- [Task directions] Take the data below. Output it exactly from its first line through the line containing "((i + 1) mod (n".

- [Data records]

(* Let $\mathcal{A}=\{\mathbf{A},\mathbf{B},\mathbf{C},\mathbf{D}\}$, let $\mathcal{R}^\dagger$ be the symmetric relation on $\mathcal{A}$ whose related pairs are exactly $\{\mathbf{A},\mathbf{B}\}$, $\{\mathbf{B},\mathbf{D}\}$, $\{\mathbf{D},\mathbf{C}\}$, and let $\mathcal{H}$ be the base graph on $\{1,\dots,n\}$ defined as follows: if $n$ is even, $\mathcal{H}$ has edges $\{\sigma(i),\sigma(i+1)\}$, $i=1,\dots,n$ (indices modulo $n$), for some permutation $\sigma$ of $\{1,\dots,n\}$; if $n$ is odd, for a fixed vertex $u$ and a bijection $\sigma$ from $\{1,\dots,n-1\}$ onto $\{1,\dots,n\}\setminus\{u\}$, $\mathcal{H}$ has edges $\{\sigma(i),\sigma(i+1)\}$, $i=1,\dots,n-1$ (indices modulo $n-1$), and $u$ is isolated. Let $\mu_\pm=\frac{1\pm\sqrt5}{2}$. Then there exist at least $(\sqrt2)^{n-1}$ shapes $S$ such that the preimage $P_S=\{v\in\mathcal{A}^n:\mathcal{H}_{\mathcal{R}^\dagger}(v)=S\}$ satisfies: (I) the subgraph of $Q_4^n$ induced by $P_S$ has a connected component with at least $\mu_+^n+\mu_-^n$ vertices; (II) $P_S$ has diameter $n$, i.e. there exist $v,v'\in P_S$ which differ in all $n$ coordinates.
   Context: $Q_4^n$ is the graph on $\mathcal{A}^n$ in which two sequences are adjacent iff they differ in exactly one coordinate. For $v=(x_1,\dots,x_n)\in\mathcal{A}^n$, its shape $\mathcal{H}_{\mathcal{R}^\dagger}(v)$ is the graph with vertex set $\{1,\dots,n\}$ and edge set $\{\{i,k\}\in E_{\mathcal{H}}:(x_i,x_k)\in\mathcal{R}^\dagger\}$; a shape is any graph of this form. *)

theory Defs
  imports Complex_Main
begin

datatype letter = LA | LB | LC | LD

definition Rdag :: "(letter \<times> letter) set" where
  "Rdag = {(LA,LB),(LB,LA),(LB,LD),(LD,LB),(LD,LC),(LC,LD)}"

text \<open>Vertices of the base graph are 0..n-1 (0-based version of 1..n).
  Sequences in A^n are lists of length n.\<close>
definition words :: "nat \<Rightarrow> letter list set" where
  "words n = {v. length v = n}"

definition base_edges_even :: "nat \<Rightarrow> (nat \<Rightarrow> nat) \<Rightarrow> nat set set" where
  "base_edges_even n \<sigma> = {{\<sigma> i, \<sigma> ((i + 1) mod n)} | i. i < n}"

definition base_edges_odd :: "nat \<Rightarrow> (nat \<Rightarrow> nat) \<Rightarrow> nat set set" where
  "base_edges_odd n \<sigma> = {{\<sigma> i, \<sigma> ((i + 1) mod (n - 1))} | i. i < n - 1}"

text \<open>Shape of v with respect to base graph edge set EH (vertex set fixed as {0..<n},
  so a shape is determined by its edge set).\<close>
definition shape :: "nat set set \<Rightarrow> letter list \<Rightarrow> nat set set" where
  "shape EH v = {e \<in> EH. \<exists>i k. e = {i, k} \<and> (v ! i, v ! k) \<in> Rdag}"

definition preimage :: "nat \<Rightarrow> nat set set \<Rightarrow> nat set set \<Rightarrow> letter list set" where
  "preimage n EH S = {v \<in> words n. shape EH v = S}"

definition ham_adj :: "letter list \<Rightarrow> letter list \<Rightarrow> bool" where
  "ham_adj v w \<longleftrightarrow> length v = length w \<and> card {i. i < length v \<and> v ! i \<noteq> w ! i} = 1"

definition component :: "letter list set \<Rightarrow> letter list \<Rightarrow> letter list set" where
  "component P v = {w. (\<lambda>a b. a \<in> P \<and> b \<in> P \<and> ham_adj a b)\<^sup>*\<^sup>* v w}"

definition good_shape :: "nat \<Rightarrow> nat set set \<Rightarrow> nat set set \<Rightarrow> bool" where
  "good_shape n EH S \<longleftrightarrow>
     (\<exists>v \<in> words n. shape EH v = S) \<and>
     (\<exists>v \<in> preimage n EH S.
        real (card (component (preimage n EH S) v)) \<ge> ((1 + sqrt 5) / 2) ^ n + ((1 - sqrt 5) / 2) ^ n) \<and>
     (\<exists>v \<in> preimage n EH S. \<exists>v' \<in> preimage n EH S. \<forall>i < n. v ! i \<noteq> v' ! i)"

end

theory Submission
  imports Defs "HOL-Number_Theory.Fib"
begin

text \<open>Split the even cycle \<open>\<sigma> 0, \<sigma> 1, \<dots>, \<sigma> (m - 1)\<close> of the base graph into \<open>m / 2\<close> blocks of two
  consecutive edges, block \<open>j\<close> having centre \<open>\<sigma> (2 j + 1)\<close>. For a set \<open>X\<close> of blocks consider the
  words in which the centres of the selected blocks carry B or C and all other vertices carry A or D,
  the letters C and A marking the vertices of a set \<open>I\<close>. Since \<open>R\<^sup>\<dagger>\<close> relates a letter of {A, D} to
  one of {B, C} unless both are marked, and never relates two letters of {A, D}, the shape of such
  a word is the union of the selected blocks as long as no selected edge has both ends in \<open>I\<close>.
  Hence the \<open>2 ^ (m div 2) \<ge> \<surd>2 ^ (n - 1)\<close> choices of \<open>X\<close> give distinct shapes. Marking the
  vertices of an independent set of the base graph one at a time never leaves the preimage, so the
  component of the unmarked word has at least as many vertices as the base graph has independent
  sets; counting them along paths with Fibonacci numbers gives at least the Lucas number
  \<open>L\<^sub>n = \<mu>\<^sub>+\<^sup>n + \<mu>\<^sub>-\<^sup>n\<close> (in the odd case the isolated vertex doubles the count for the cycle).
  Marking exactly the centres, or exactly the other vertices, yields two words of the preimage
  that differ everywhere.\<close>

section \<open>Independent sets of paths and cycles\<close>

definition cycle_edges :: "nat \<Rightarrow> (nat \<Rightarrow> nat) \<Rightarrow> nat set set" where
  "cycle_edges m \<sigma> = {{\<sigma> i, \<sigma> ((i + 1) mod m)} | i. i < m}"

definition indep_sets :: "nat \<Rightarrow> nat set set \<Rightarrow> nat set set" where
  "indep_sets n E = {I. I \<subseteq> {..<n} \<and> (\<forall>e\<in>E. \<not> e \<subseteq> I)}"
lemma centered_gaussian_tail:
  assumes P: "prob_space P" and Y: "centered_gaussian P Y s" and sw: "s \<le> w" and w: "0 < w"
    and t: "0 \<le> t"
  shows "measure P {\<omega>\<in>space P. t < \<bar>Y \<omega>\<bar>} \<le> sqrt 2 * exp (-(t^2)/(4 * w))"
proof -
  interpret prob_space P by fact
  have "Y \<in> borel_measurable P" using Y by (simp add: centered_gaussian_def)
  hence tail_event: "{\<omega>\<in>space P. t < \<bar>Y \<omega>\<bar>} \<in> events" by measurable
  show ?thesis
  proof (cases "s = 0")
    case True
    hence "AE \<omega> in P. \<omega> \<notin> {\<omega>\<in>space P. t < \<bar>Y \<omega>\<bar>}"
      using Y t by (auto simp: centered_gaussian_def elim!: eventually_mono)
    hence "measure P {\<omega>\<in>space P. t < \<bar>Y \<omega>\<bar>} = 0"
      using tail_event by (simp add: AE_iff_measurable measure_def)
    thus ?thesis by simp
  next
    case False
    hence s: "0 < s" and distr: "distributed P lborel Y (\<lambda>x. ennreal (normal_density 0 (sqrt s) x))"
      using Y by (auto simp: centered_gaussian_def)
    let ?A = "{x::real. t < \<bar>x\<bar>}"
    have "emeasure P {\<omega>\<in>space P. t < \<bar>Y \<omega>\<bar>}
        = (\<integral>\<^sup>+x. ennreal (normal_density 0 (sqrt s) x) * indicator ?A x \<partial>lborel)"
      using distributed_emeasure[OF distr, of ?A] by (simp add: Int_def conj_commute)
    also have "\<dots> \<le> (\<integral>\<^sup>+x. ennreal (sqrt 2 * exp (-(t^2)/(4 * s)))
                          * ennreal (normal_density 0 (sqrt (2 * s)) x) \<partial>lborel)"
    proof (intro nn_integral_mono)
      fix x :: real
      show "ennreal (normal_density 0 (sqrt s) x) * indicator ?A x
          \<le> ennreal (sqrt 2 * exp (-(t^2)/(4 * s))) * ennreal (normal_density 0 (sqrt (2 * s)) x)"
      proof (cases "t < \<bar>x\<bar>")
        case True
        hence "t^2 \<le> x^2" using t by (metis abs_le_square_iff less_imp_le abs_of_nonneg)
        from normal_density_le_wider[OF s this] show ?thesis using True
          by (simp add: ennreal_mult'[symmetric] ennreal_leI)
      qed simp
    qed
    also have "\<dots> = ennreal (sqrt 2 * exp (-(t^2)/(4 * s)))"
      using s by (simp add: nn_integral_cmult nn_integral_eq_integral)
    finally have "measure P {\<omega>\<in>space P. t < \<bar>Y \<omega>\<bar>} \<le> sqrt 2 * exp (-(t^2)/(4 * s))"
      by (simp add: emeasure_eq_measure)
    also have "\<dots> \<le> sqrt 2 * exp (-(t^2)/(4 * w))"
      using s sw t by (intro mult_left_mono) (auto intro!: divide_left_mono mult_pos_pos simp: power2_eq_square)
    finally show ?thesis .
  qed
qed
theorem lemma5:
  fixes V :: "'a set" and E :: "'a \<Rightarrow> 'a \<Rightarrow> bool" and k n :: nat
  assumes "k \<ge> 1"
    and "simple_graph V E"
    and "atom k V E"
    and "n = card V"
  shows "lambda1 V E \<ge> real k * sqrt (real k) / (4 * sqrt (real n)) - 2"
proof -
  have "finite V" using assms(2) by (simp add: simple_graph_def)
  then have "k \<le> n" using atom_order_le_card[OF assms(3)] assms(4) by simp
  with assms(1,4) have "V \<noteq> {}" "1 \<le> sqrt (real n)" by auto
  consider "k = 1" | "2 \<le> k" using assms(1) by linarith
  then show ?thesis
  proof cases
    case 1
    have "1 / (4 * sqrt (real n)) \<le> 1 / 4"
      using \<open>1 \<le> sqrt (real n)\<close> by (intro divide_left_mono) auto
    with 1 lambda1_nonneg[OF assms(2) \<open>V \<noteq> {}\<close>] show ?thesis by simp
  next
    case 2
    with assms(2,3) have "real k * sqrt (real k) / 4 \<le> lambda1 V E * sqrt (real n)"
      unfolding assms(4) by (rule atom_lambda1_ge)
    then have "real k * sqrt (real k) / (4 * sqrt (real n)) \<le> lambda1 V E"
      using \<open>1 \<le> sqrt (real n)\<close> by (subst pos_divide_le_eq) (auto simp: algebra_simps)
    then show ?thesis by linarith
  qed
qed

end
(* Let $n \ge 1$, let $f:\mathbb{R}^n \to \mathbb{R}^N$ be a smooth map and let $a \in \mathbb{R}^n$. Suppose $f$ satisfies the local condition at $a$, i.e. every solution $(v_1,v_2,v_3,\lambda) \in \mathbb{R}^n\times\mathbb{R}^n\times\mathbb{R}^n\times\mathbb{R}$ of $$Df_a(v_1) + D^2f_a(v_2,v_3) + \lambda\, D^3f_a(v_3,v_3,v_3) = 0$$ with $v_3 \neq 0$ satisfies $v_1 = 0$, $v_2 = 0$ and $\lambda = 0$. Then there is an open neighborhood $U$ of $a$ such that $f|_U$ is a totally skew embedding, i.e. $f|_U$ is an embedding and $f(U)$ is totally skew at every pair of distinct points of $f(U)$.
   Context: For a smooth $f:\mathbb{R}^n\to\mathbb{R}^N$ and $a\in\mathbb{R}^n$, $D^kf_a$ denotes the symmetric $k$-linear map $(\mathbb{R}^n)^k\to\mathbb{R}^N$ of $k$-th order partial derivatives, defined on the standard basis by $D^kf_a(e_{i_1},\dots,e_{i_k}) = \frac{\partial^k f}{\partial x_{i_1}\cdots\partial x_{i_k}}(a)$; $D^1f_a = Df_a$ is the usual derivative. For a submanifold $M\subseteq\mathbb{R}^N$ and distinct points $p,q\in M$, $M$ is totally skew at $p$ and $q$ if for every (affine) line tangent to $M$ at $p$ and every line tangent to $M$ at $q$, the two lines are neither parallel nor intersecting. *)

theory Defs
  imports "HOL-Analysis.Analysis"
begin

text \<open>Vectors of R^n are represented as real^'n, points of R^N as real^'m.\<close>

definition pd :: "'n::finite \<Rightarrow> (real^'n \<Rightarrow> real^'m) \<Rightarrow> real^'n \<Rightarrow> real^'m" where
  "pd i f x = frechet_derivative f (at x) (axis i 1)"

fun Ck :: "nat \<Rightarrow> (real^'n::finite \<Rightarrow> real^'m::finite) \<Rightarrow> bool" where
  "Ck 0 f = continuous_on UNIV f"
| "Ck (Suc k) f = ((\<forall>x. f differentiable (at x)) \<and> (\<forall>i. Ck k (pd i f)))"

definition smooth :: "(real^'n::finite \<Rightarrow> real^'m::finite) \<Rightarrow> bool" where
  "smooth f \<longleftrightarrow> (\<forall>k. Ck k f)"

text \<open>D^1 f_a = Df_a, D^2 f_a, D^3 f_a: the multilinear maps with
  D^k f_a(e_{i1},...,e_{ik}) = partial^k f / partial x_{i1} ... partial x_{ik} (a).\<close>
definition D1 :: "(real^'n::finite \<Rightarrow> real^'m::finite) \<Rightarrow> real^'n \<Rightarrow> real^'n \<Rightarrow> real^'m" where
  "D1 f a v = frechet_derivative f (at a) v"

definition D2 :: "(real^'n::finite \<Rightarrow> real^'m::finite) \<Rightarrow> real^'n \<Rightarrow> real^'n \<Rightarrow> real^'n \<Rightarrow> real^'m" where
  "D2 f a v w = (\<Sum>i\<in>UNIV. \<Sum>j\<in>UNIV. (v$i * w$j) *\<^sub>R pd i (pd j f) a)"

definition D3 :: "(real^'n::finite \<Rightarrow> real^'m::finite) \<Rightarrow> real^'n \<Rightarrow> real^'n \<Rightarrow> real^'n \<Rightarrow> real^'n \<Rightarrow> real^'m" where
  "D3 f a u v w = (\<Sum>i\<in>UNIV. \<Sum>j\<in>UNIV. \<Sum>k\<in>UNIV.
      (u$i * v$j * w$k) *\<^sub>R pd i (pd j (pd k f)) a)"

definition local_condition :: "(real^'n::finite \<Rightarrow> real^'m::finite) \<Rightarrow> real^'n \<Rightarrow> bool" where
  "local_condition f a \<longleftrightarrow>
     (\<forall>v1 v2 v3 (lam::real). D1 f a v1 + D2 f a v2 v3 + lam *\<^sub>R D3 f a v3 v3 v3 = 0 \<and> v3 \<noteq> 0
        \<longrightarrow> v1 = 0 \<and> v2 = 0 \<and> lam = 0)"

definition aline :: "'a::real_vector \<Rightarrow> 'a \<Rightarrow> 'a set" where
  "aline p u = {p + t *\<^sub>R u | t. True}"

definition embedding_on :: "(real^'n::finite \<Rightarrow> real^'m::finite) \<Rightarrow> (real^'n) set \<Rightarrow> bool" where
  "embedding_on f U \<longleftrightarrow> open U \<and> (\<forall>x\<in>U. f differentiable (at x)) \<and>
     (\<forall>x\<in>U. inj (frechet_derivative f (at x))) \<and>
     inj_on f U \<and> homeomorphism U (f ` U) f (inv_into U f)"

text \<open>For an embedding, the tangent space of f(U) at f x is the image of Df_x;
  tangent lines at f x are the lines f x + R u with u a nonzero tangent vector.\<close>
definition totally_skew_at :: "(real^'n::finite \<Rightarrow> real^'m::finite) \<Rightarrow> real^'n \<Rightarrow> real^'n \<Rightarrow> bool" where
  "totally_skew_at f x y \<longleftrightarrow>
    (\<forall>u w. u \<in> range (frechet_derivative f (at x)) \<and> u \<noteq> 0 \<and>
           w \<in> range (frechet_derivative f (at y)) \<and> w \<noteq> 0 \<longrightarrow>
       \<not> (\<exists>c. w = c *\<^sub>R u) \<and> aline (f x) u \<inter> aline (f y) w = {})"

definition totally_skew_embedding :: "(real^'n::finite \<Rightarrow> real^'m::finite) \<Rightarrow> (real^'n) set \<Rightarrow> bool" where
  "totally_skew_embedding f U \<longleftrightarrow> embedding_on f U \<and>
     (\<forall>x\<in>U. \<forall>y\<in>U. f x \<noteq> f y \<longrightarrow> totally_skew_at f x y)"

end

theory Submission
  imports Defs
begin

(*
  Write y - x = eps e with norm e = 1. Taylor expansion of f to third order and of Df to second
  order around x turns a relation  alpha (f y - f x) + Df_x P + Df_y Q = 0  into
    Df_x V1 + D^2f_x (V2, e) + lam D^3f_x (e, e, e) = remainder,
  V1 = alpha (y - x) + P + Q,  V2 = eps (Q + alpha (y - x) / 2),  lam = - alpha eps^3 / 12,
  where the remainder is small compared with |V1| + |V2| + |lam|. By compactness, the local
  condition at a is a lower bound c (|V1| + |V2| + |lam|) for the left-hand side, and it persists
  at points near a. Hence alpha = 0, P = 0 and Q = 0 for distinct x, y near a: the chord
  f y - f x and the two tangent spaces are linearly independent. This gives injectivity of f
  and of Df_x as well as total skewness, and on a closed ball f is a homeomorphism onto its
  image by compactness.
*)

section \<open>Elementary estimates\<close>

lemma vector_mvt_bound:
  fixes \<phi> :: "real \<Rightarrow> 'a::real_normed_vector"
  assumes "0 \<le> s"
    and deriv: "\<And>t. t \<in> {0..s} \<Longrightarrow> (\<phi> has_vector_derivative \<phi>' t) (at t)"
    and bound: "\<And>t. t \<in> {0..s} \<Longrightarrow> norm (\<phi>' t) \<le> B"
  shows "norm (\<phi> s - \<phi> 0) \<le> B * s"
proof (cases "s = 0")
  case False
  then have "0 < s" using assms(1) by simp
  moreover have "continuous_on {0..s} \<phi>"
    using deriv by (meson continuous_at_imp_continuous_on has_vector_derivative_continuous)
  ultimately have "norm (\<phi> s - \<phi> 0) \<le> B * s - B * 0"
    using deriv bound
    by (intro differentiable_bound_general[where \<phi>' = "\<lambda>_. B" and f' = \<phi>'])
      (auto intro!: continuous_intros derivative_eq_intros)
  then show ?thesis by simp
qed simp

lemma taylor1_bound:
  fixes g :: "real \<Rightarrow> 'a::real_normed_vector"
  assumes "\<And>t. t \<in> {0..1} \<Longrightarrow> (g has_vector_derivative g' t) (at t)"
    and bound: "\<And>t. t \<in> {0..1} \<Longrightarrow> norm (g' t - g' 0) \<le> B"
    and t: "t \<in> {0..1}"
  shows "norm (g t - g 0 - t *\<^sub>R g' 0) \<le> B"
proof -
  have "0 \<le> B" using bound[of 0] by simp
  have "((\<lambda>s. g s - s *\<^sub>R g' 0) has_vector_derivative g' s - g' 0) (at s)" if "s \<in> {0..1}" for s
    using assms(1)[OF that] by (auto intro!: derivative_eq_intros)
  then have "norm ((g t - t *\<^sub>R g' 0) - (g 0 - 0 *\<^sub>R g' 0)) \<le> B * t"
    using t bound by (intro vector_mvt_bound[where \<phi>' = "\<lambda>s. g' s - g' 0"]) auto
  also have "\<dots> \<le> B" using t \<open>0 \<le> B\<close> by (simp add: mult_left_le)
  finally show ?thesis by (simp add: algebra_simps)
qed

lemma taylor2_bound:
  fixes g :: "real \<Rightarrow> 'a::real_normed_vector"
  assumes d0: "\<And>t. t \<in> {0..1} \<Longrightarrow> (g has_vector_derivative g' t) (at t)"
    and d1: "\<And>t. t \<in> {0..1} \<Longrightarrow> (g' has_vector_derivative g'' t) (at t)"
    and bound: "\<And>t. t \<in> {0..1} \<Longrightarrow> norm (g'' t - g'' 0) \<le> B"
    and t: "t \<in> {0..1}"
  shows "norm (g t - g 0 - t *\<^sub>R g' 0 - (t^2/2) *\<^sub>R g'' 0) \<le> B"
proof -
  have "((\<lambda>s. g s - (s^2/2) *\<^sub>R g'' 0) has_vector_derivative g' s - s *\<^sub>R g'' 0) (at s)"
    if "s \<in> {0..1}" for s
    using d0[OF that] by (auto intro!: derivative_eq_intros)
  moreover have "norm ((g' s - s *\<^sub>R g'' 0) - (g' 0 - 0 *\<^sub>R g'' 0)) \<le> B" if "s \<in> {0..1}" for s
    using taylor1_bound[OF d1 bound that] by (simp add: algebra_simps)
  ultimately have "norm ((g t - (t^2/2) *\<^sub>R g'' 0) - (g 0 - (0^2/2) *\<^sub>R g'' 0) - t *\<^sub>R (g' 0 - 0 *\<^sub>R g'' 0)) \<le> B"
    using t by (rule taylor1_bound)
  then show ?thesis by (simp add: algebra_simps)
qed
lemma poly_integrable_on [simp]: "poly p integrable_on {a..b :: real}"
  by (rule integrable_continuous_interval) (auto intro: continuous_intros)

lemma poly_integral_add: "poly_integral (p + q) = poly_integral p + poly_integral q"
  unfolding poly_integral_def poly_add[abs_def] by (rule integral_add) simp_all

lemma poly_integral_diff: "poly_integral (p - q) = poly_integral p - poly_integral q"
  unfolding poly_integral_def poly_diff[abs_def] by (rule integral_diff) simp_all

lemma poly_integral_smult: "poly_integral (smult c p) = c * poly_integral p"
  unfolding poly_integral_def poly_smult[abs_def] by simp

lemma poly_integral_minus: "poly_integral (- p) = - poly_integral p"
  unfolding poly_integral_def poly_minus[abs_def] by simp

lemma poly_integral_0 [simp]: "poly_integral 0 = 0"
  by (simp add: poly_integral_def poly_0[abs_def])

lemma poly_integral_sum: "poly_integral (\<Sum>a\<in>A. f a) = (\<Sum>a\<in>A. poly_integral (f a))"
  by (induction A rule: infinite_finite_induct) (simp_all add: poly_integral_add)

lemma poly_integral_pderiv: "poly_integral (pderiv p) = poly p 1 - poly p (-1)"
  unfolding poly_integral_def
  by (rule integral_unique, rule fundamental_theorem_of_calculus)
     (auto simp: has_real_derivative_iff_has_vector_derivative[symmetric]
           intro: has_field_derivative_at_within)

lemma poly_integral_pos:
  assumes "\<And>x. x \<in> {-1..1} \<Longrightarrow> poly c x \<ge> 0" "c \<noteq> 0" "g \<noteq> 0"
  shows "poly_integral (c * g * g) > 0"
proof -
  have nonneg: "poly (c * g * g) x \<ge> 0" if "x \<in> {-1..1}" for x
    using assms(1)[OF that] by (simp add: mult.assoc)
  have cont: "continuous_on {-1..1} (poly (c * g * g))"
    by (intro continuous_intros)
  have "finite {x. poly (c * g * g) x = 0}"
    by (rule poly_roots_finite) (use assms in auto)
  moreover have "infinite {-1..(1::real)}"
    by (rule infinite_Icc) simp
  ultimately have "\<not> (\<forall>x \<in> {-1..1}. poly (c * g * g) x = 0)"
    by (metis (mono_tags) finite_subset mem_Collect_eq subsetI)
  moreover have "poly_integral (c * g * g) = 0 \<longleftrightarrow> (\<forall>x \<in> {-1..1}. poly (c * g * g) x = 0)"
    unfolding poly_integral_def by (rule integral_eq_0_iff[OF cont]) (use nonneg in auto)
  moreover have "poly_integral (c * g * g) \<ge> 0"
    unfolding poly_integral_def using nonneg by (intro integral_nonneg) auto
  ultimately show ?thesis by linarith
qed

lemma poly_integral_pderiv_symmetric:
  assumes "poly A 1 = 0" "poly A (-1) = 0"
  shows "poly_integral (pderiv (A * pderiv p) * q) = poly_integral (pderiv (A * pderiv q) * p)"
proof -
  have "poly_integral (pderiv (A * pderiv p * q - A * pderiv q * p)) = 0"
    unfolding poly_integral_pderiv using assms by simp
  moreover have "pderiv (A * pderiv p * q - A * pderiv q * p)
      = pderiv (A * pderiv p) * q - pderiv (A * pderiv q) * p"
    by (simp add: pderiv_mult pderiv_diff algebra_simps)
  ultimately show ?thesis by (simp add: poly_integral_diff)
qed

- [Problem solution]
(* Let $\mathcal{A}=\{\mathbf{A},\mathbf{B},\mathbf{C},\mathbf{D}\}$, let $\mathcal{R}^\dagger$ be the symmetric relation on $\mathcal{A}$ whose related pairs are exactly $\{\mathbf{A},\mathbf{B}\}$, $\{\mathbf{B},\mathbf{D}\}$, $\{\mathbf{D},\mathbf{C}\}$, and let $\mathcal{H}$ be the base graph on $\{1,\dots,n\}$ defined as follows: if $n$ is even, $\mathcal{H}$ has edges $\{\sigma(i),\sigma(i+1)\}$, $i=1,\dots,n$ (indices modulo $n$), for some permutation $\sigma$ of $\{1,\dots,n\}$; if $n$ is odd, for a fixed vertex $u$ and a bijection $\sigma$ from $\{1,\dots,n-1\}$ onto $\{1,\dots,n\}\setminus\{u\}$, $\mathcal{H}$ has edges $\{\sigma(i),\sigma(i+1)\}$, $i=1,\dots,n-1$ (indices modulo $n-1$), and $u$ is isolated. Let $\mu_\pm=\frac{1\pm\sqrt5}{2}$. Then there exist at least $(\sqrt2)^{n-1}$ shapes $S$ such that the preimage $P_S=\{v\in\mathcal{A}^n:\mathcal{H}_{\mathcal{R}^\dagger}(v)=S\}$ satisfies: (I) the subgraph of $Q_4^n$ induced by $P_S$ has a connected component with at least $\mu_+^n+\mu_-^n$ vertices; (II) $P_S$ has diameter $n$, i.e. there exist $v,v'\in P_S$ which differ in all $n$ coordinates.
   Context: $Q_4^n$ is the graph on $\mathcal{A}^n$ in which two sequences are adjacent iff they differ in exactly one coordinate. For $v=(x_1,\dots,x_n)\in\mathcal{A}^n$, its shape $\mathcal{H}_{\mathcal{R}^\dagger}(v)$ is the graph with vertex set $\{1,\dots,n\}$ and edge set $\{\{i,k\}\in E_{\mathcal{H}}:(x_i,x_k)\in\mathcal{R}^\dagger\}$; a shape is any graph of this form. *)

theory Defs
  imports Complex_Main
begin

datatype letter = LA | LB | LC | LD

definition Rdag :: "(letter \<times> letter) set" where
  "Rdag = {(LA,LB),(LB,LA),(LB,LD),(LD,LB),(LD,LC),(LC,LD)}"

text \<open>Vertices of the base graph are 0..n-1 (0-based version of 1..n).
  Sequences in A^n are lists of length n.\<close>
definition words :: "nat \<Rightarrow> letter list set" where
  "words n = {v. length v = n}"

definition base_edges_even :: "nat \<Rightarrow> (nat \<Rightarrow> nat) \<Rightarrow> nat set set" where
  "base_edges_even n \<sigma> = {{\<sigma> i, \<sigma> ((i + 1) mod n)} | i. i < n}"

definition base_edges_odd :: "nat \<Rightarrow> (nat \<Rightarrow> nat) \<Rightarrow> nat set set" where
  "base_edges_odd n \<sigma> = {{\<sigma> i, \<sigma> ((i + 1) mod (n - 1))} | i. i < n - 1}"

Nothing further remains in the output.